Thus perf tool is able to setup events that connect to persistent
events. The list is dynamically updated.

The persistent flag is actually ignored and thus not needed for
setup. It is used internally to mark the event as persistent. (We
modify event attr, is this ok?) It is planned to use the persistent
flag to instantly make the event persistent during its creation, which
is not yet implemented (-EOPNOTSUPP). It is unclear if this is
possible if the buffers must be created by the process. It might be
better to drop the persistent flag then. In this case we need an
alternative flag to be used internally. The following sysfs entries
should be enough and attrX support is obsolete and no longer
necessary, though it is still useful in my point of view:

/sys/bus/event_source/devices/persistent/events/mce_record:config=<id>

This is nice but raises some questions about the handling of names and
ids. First, the 'mce_record' string is chosen by the kernel function
that created the events (perf_add_persistent_tp()). In user space we
can't choose a name, the string is created from the unique persistent
id (see pevent_alloc()). Hmm, this (a number) is not parsable by the
perf tool as event name which must be name_minus (see parse-events.l:
[a-zA-Z_*?][a-zA-Z0-9\-_*?]*). A name could be provided with an
ioctl():

err = ioctl(event, PERF_EVENT_IOC_SET_NAME, name);

Do we need to check the name's syntax, or can we expect userspace
doing it right?

If there is a namespace, other events must be able to be added to it.
Events could be created like this:

u64 id = ~0;
for_each_cpu(cpu, mask) {
event = perf_event_open(attr, cpu, ...)
err = ioctl(event, PERF_EVENT_IOC_SET_NAME, name);
...
/*
* if id == ~0 create own name, otherwise use id's
* name space, id is updated by the ioctl
*/
err = ioctl(event, PERF_EVENT_IOC_SET_PERSIST, &id)
...
}

We might require to set a name before issuing SET_PERSIST. Another
problem is that the name must not yet exist and is created new the
first time. Otherwise there might be namespace collisions.
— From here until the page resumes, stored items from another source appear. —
(* Let $T$ be a binary tree rooted at $O$, and let $p\in(0,1]$ be the common activation probability of all edges. Against every depth-first strategy $s$ of the searcher, the equal branching density $\varepsilon^*$ of the hider yields the same payoff, namely $$g(\varepsilon^*,s)=\frac12\tau(O)+\Lambda(O).$$
   Context: Setting: the stochastic search game on a finite tree $T$ rooted at $O$. Every edge has length $1$ and is active at each stage independently with the same probability $p\in(0,1]$. The hider picks an edge and stays there. The searcher, starting at $O$ and observing which edges are currently active, at each stage either waits or traverses an active edge incident to her position. The hider's payoff $g(\varepsilon,s)$ is the expected first time the searcher traverses the hider's edge. Orient the edges away from $O$. For a vertex $v$, $T_v$ is the subtree rooted at $v$ consisting of all edges below $v$. For an edge $e=(u,w)$, $T_e$ is $\{e\}\cup T_w$, rooted at $u$, and $E_e$ is its edge set. A leaf edge is an edge whose head has no outgoing edge. $T$ is binary if every vertex has at most two outgoing edges. A depth-first strategy (DFS) acts as follows at the searcher's current vertex: - if some untraversed outgoing edge is active, traverse one of them (possibly chosen at random); - if all untraversed outgoing edges are inactive, wait; - if all outgoing edges have been traversed, traverse the edge back toward $O$ if it is active, and wait otherwise. Cycle time: for a vertex or edge $z$, $\tau(z)$ is the expected time for a DFS on $T_z$, started at its root, to traverse every edge of $T_z$ and return to the root. It does not depend on the DFS. Equivalently, for binary trees: - $\tau(v)=0$ if $v$ has no outgoing edge; - $\tau(e)=\tau(w)+2/p$ for $e=(u,w)$; - $\tau(v)=\tau(e)$ if $v$ has exactly one outgoing edge $e$; - $\tau(v)=\tau(w_1)+\tau(w_2)+3/p+1/(1-(1-p)^2)$ if $v$ has outgoing edges to $w_1,w_2$. The equal branching density $\varepsilon^*$ is the unique probability distribution on $E$ such that: - it is supported on the leaf edges; - at every vertex with two outgoing edges $e_1,e_2$, $\varepsilon^*(E_{e_1})/\tau(e_1)=\varepsilon^*(E_{e_2})/\tau(e_2)$. The function $\Lambda$ is defined recursively on rooted binary trees. Write $\Lambda(v)=\Lambda(T_v)$ and $\Lambda(e)=\Lambda(T_e)$. - $\Lambda(v)=0$ if $v$ has no outgoing edge. - If the root $r$ has a single outgoing edge $e=(r,w)$, then $\Lambda(r)=\Lambda(e)=\Lambda(w)$. - If $r$ has two outgoing edges $e_1=(r,w_1)$ and $e_2=(r,w_2)$, then $$\Lambda(r)=\frac{\tau(e_1)}{\tau(e_1)+\tau(e_2)}\Lambda(w_1)+\frac{\tau(e_2)}{\tau(e_1)+\tau(e_2)}\Lambda(w_2)+\frac12\Big(\frac1{1-(1-p)^2}-\frac1p\Big).$$ *)

theory Defs
  imports "HOL-Probability.Probability"
begin
(* Let $A$ be a finite alphabet. Every sequence $(w_n)_{n\ge0}$ of words over $A$ admits an adequate subsequence.
   Context: For $B\subseteq A$, let $B^{=}=\{w\in B^*:\mathrm{alph}(w)=B\}$ (words whose set of letters is exactly $B$). A factorization pattern is $(\vec u,\vec B)$ with $\vec u=(u_0,\dots,u_p)\in(A^* )^{p+1}$ and $\vec B=(B_1,\dots,B_p)$ nonempty subsets of $A$, $p\ge0$. For $n\ge0$ let $L_n(\vec u,\vec B)=u_0(B_1^{=})^nu_1(B_2^{=})^nu_2\cdots u_{p-1}(B_p^{=})^nu_p$. A sequence $(w_n)_n$ is $(\vec u,\vec B)$-adequate if $w_n\in L_n(\vec u,\vec B)$ for all $n\ge0$, and adequate if it is $(\vec u,\vec B)$-adequate for some factorization pattern $(\vec u,\vec B)$. *)

theory Defs
  imports Main
begin

definition exact_alph :: "'a set \<Rightarrow> 'a list set" where
  "exact_alph B = {w. set w = B}"

fun lang_pow :: "'a list set \<Rightarrow> nat \<Rightarrow> 'a list set" where
  "lang_pow L 0 = {[]}"
| "lang_pow L (Suc n) = {x @ y | x y. x \<in> L \<and> y \<in> lang_pow L n}"

(* L_n(us,Bs) = u_0 (B_1^=)^n u_1 ... (B_p^=)^n u_p,
   where us = [u_0,...,u_p] and Bs = [B_1,...,B_p] *)
fun L_pat :: "'a list list \<Rightarrow> 'a set list \<Rightarrow> nat \<Rightarrow> 'a list set" where
  "L_pat [u] [] n = {u}"
| "L_pat (u # us) (B # Bs) n =
     {u @ x @ y | x y. x \<in> lang_pow (exact_alph B) n \<and> y \<in> L_pat us Bs n}"
| "L_pat _ _ n = {}"

definition fact_pattern :: "'a set \<Rightarrow> 'a list list \<Rightarrow> 'a set list \<Rightarrow> bool" where
  "fact_pattern A us Bs \<longleftrightarrow> length us = Suc (length Bs)
     \<and> (\<forall>u\<in>set us. set u \<subseteq> A)
     \<and> (\<forall>B\<in>set Bs. B \<noteq> {} \<and> B \<subseteq> A)"

definition adequate_for :: "'a list list \<Rightarrow> 'a set list \<Rightarrow> (nat \<Rightarrow> 'a list) \<Rightarrow> bool" where
  "adequate_for us Bs w \<longleftrightarrow> (\<forall>n. w n \<in> L_pat us Bs n)"

definition adequate :: "'a set \<Rightarrow> (nat \<Rightarrow> 'a list) \<Rightarrow> bool" where
  "adequate A w \<longleftrightarrow> (\<exists>us Bs. fact_pattern A us Bs \<and> adequate_for us Bs w)"

end

theory Submission
  imports Defs "HOL-Library.Infinite_Set" "HOL.Topological_Spaces"
begin

text \<open>The proof is an induction on the number \<open>k\<close> of letters, for finite families of sequences,
  each of which must become adequate along one common subsequence. Adequacy is preserved by
  concatenation and by subsequences that keep the index \<open>0\<close>.

  Along a subsequence every word of a sequence has the same alphabet \<open>C\<close>. If \<open>|C| = k + 1\<close>,
  cut each word into blocks \<open>z a\<close> with alphabet exactly \<open>C\<close>, followed by a rest; \<open>z\<close> and the
  rest have at most \<open>k\<close> letters. Along a further subsequence, either the number of blocks grows
  at least linearly, and then the \<open>n\<close>-th word lies in \<open>(C\<^sup>=)\<^sup>n y\<^sub>1 (C\<^sup>=)\<^sup>n \<dots> y\<^sub>l (C\<^sup>=)\<^sup>n\<close>
  where \<open>y\<close> is the first word, or the word of separating letters \<open>a\<close> is constant, and then the
  sequence is a concatenation of piece sequences and constant letters, which the induction
  hypothesis makes adequate together with the rest of the family.\<close>

section \<open>Powers of exact-alphabet languages\<close>

lemma exact_alph_iff [simp]: "w \<in> exact_alph B \<longleftrightarrow> set w = B"
  by (simp add: exact_alph_def)

lemma lang_pow_SucI: "x \<in> L \<Longrightarrow> y \<in> lang_pow L n \<Longrightarrow> x @ y \<in> lang_pow L (Suc n)"
  by auto

lemma lang_pow_SucE:
  assumes "w \<in> lang_pow L (Suc n)"
  obtains x y where "w = x @ y" "x \<in> L" "y \<in> lang_pow L n"
  using assms by auto

text \<open>Unfolding the set comprehension of \<open>lang_pow L (Suc n)\<close> makes simp and auto blow up;
  the two rules above are used instead.\<close>
declare lang_pow.simps(2) [simp del]

lemma set_lang_pow_exact_alph: "w \<in> lang_pow (exact_alph C) (Suc n) \<Longrightarrow> set w = C"
proof (induction n arbitrary: w)
  case 0
  then show ?case
    by (auto elim: lang_pow_SucE)
next
  case (Suc n)
  then obtain x y where "w = x @ y" "set x = C" "y \<in> lang_pow (exact_alph C) (Suc n)"
    by (auto elim: lang_pow_SucE)
  with Suc.IH show ?case
    by auto
qed

lemma lang_pow_add_split:
  "w \<in> lang_pow L (m + n) \<Longrightarrow> \<exists>x y. w = x @ y \<and> x \<in> lang_pow L m \<and> y \<in> lang_pow L n"
proof (induction m arbitrary: w)
  case (Suc m)
  then obtain u v where "w = u @ v" "u \<in> L" "v \<in> lang_pow L (m + n)"
    by (auto elim: lang_pow_SucE)
  with Suc.IH[of v] lang_pow_SucI[of u L] show ?case
    by (metis append.assoc)
qed force

lemma lang_pow_exact_alph_append_right:
  "w \<in> lang_pow (exact_alph C) (Suc n) \<Longrightarrow> set v \<subseteq> C \<Longrightarrow> w @ v \<in> lang_pow (exact_alph C) (Suc n)"
proof (induction n arbitrary: w)
  case (Suc n)
  then obtain u u' where "w = u @ u'" "set u = C" "u' \<in> lang_pow (exact_alph C) (Suc n)"
    by (auto elim: lang_pow_SucE)
  with Suc.IH[of u'] Suc.prems(2) show ?case
    using lang_pow_SucI[of u "exact_alph C" "u' @ v" "Suc n"] by simp
next
  case 0
  then obtain u where "w = u" "set u = C"
    by (auto elim: lang_pow_SucE)
  with 0 show ?case
    using lang_pow_SucI[of "u @ v" "exact_alph C" "[]" 0] by auto
qed

lemma lang_pow_exact_alph_append_left:
  assumes "w \<in> lang_pow (exact_alph C) (Suc n)" "set v \<subseteq> C"
  shows "v @ w \<in> lang_pow (exact_alph C) (Suc n)"
proof -
  obtain u u' where "w = u @ u'" "set u = C" "u' \<in> lang_pow (exact_alph C) n"
    using assms(1) by (auto elim: lang_pow_SucE)
  with assms(2) show ?thesis
    using lang_pow_SucI[of "v @ u" "exact_alph C" u'] by auto
qed

lemma lang_pow_exact_alph_antimono:
  assumes "w \<in> lang_pow (exact_alph C) n" "0 < m" "m \<le> n"
  shows "w \<in> lang_pow (exact_alph C) m"
proof -
  have "n = Suc (n - m) + (m - 1)"
    using assms by simp
  then obtain x y where "w = x @ y" "x \<in> lang_pow (exact_alph C) (Suc (n - m))"
    "y \<in> lang_pow (exact_alph C) (m - 1)"
    using lang_pow_add_split assms(1) by metis
  moreover have "Suc (m - 1) = m"
    using assms(2) by simp
  ultimately show ?thesis
    using set_lang_pow_exact_alph lang_pow_SucI[of x "exact_alph C" y "m - 1"] by fastforce
qed

lemma concat_append_mem_lang_pow_exact_alph:
  assumes "ws \<noteq> []" "\<forall>v\<in>set ws. set v = C" "set r \<subseteq> C"
  shows "concat ws @ r \<in> lang_pow (exact_alph C) (length ws)"
  using assms
proof (induction ws)
  case (Cons v ws)
  show ?case
  proof (cases "ws = []")
    case True
    with Cons.prems show ?thesis
      using lang_pow_SucI[of "v @ r" "exact_alph C" "[]" 0] by auto
  next
    case False
    with Cons show ?thesis
      using lang_pow_SucI[of v "exact_alph C" "concat ws @ r"] by simp
  qed
qed simp

section \<open>Factorization patterns\<close>

lemma length_eq_if_mem_L_pat: "x \<in> L_pat us Bs n \<Longrightarrow> length us = Suc (length Bs)"
  by (induction us Bs n arbitrary: x rule: L_pat.induct) auto

lemma L_pat_0: "length us = Suc (length Bs) \<Longrightarrow> L_pat us Bs 0 = {concat us}"
  by (induction us Bs "0::nat" rule: L_pat.induct) auto

lemma L_pat_ConsI:
  "x \<in> lang_pow (exact_alph B) n \<Longrightarrow> y \<in> L_pat us Bs n \<Longrightarrow> u @ x @ y \<in> L_pat (u # us) (B # Bs) n"
  by auto

lemma L_pat_antimono: "x \<in> L_pat us Bs n \<Longrightarrow> 0 < m \<Longrightarrow> m \<le> n \<Longrightarrow> x \<in> L_pat us Bs m"
proof (induction us Bs n arbitrary: x rule: L_pat.induct)
  case (2 u us B Bs n)
  then obtain y z where "x = u @ y @ z" "y \<in> lang_pow (exact_alph B) n" "z \<in> L_pat us Bs n"
    by auto
  moreover from \<open>y \<in> lang_pow (exact_alph B) n\<close> have "y \<in> lang_pow (exact_alph B) m"
    using "2.prems"(2,3) by (rule lang_pow_exact_alph_antimono)
  moreover from \<open>z \<in> L_pat us Bs n\<close> have "z \<in> L_pat us Bs m"
    using "2.prems"(2,3) by (rule "2.IH")
  ultimately show ?case
    by (simp only: L_pat_ConsI)
qed auto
Second, persistent events run in system wide mode. Thus, multiple
events (one per cpu) are involved. Should there one id for all or
separate ids for every single event? In this case we could use
(u64)event->id. There is already a syscall to read the id. In sysfs
all events on all cpus would be listed (each id). This is too much and
also not useful since sysfs event entries (.../devices/persistent/
events/*) do not handle cpu numbers. So, it would be better to combine
the events on all cpus then, at least for the sysfs entries. But if
the id is shared, we need a solution for the case where an event is
not running on all cpus. Cpu hotplug must also be considered.

Suppose there is one single name for a collection of events that are
persistent, this is how all events could be reopened (similar to
getdents()):

/* not actual an event: */
fd = perf_event_open(type = PERF_TYPE_PERSISTENT, config = ~0, ...)
err = ioctl(fd, PERF_EVENT_IOC_SET_NAME, name);

/* maintain an internal iteration state bound to fd */
while(1) {
err = ioctl(fd, PERF_EVENT_IOC_GET_PERSIST, &id);
if (!id)
break;
event = perf_event_open(PERF_TYPE_PERSISTENT, config = id);
...
}
close(fd)

A problem is the cpu number here, needs to be solved somehow.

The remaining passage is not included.